AIM OF THE EXERCISE → Using the records below, give the number of lines where the word "then" appears, with no further output.

EXTRACTED ENTRIES →

⟨

lemma rho_int_reflect:
  assumes "0 \<le> s" "s < \<tau>"
  shows "rho_int \<tau> (- s) = 2 * rho_int \<tau> 0 - rho_int \<tau> s"
proof -
  have "(\<tau>, - s) \<in> wedge" "(\<tau>, 0) \<in> wedge" using assms by (auto simp: wedge_def)
  then have "rho_int \<tau> (- s) = integral {- s..0} (\<lambda>t. a t / sqrt ((a \<tau>)\<^sup>2 - (a t)\<^sup>2)) + rho_int \<tau> 0"
    and "rho_int \<tau> 0 = integral {0..s} (\<lambda>t. a t / sqrt ((a \<tau>)\<^sup>2 - (a t)\<^sup>2)) + rho_int \<tau> s"
    using assms by (auto intro!: rho_int_split)
  moreover have "integral {- s..0} (\<lambda>t. a t / sqrt ((a \<tau>)\<^sup>2 - (a t)\<^sup>2))
      = integral {0..s} (\<lambda>t. a t / sqrt ((a \<tau>)\<^sup>2 - (a t)\<^sup>2))"
    using Henstock_Kurzweil_Integration.integral_reflect_real
        [of s 0 "\<lambda>t. a t / sqrt ((a \<tau>)\<^sup>2 - (a t)\<^sup>2)"]
    by (simp add: even)
  ultimately show ?thesis by linarith
qed

definition rho_domain :: "(real \<times> real) set" where
  "rho_domain = {(\<tau>, \<rho>). 0 < \<tau> \<and> 0 < \<rho> \<and> \<rho> < 2 * rhoM a \<tau>}"

lemma continuous_on_rho_int_t0:
  assumes "0 < \<tau>"
  shows "continuous_on {0..\<tau>} (rho_int \<tau>)"
proof -
  have "continuous_on {0..\<tau>} (\<lambda>t. rho_int (fst (\<tau>, t)) (snd (\<tau>, t)))"
    using assms by (intro continuous_on_compose2[OF continuous_on_rho_int])
      (auto intro!: continuous_intros simp: wedge_def)
  then show ?thesis by simp
qed

lemma rho_int_attains:
  assumes "0 < \<tau>" "0 < \<rho>" "\<rho> < 2 * rho_int \<tau> 0"
  obtains t where "\<bar>t\<bar> < \<tau>" "rho_int \<tau> t = \<rho>"
proof (cases "\<rho> \<le> rho_int \<tau> 0")
  case True
  then obtain t where "0 \<le> t" "t \<le> \<tau>" "rho_int \<tau> t = \<rho>"
    using IVT2'[of "rho_int \<tau>" \<tau> \<rho> 0, OF _ True _ continuous_on_rho_int_t0] assms by auto
  moreover from this have "t \<noteq> \<tau>" using assms by auto
  ultimately show ?thesis using that[of t] by auto
next
  case False
  then obtain s where s: "0 \<le> s" "s \<le> \<tau>" "rho_int \<tau> s = 2 * rho_int \<tau> 0 - \<rho>"
    using IVT2'[of "rho_int \<tau>" \<tau> "2 * rho_int \<tau> 0 - \<rho>" 0, OF _ _ _ continuous_on_rho_int_t0] assms
    by auto
  moreover from this have "s \<noteq> \<tau>" using assms by auto
  ultimately show ?thesis using that[of "- s"] rho_int_reflect[of s \<tau>] by auto
qed

lemma rho_int_inj:
  assumes "\<bar>t1\<bar> < \<tau>" "\<bar>t2\<bar> < \<tau>" "rho_int \<tau> t1 = rho_int \<tau> t2"
  shows "t1 = t2"
  using rho_int_strict_antimono[of \<tau> t1 t2] rho_int_strict_antimono[of \<tau> t2 t1] assms
  by (cases t1 t2 rule: linorder_cases) (auto simp: wedge_def abs_less_iff)

lemma tzero_rho_int:
  assumes "\<bar>t\<bar> < \<tau>"
  shows "tzero a \<tau> (rho_int \<tau> t) = t"
  unfolding tzero_def
proof (rule the_equality)
  show "- \<tau> < t \<and> t < \<tau> \<and> rho_int \<tau> t = rho_int \<tau> t" using assms by linarith
next
  fix s assume "- \<tau> < s \<and> s < \<tau> \<and> rho_int \<tau> t = rho_int \<tau> s"
  then show "s = t" using rho_int_inj[of s \<tau> t] assms by auto
qed

lemma tzero_rhoM: "0 < \<tau> \<Longrightarrow> tzero a \<tau> (rhoM a \<tau>) = 0"
  using tzero_rho_int[of 0 \<tau>] by (simp add: rhoM_def)

lemma tzero_in_domain:
  assumes "(\<tau>, \<rho>) \<in> rho_domain"
  shows "\<bar>tzero a \<tau> \<rho>\<bar> < \<tau>" "rho_int \<tau> (tzero a \<tau> \<rho>) = \<rho>"
proof -
  obtain t where "\<bar>t\<bar> < \<tau>" "rho_int \<tau> t = \<rho>"
    using assms rho_int_attains[of \<tau> \<rho>] by (auto simp: rho_domain_def rhoM_def)
  then show "\<bar>tzero a \<tau> \<rho>\<bar> < \<tau>" "rho_int \<tau> (tzero a \<tau> \<rho>) = \<rho>"
    using tzero_rho_int by auto
qed

lemma tzero_between:
  assumes "(\<tau>, \<rho>) \<in> rho_domain" "\<bar>u\<bar> < \<tau>" "\<bar>w\<bar> < \<tau>" "rho_int \<tau> w < \<rho>" "\<rho> < rho_int \<tau> u"
  shows "u < tzero a \<tau> \<rho> \<and> tzero a \<tau> \<rho> < w"
proof -
  define t where "t = tzero a \<tau> \<rho>"
  have t: "\<bar>t\<bar> < \<tau>" "rho_int \<tau> t = \<rho>" using tzero_in_domain assms(1) by (auto simp: t_def)
  have "u < t"
  proof (rule ccontr)
    assume "\<not> u < t"
    then have "rho_int \<tau> u \<le> rho_int \<tau> t"
      using t assms by (intro rho_int_antimono) (auto simp: wedge_def)
    then show False using t assms by simp
  qed
  moreover have "t < w"
  proof (rule ccontr)
    assume "\<not> t < w"
    then have "rho_int \<tau> t \<le> rho_int \<tau> w"
      using t assms by (intro rho_int_antimono) (auto simp: wedge_def)
    then show False using t assms by simp
  qed
  ultimately show ?thesis by (simp add: t_def)
qed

⟩

COMPLETED TASK → 10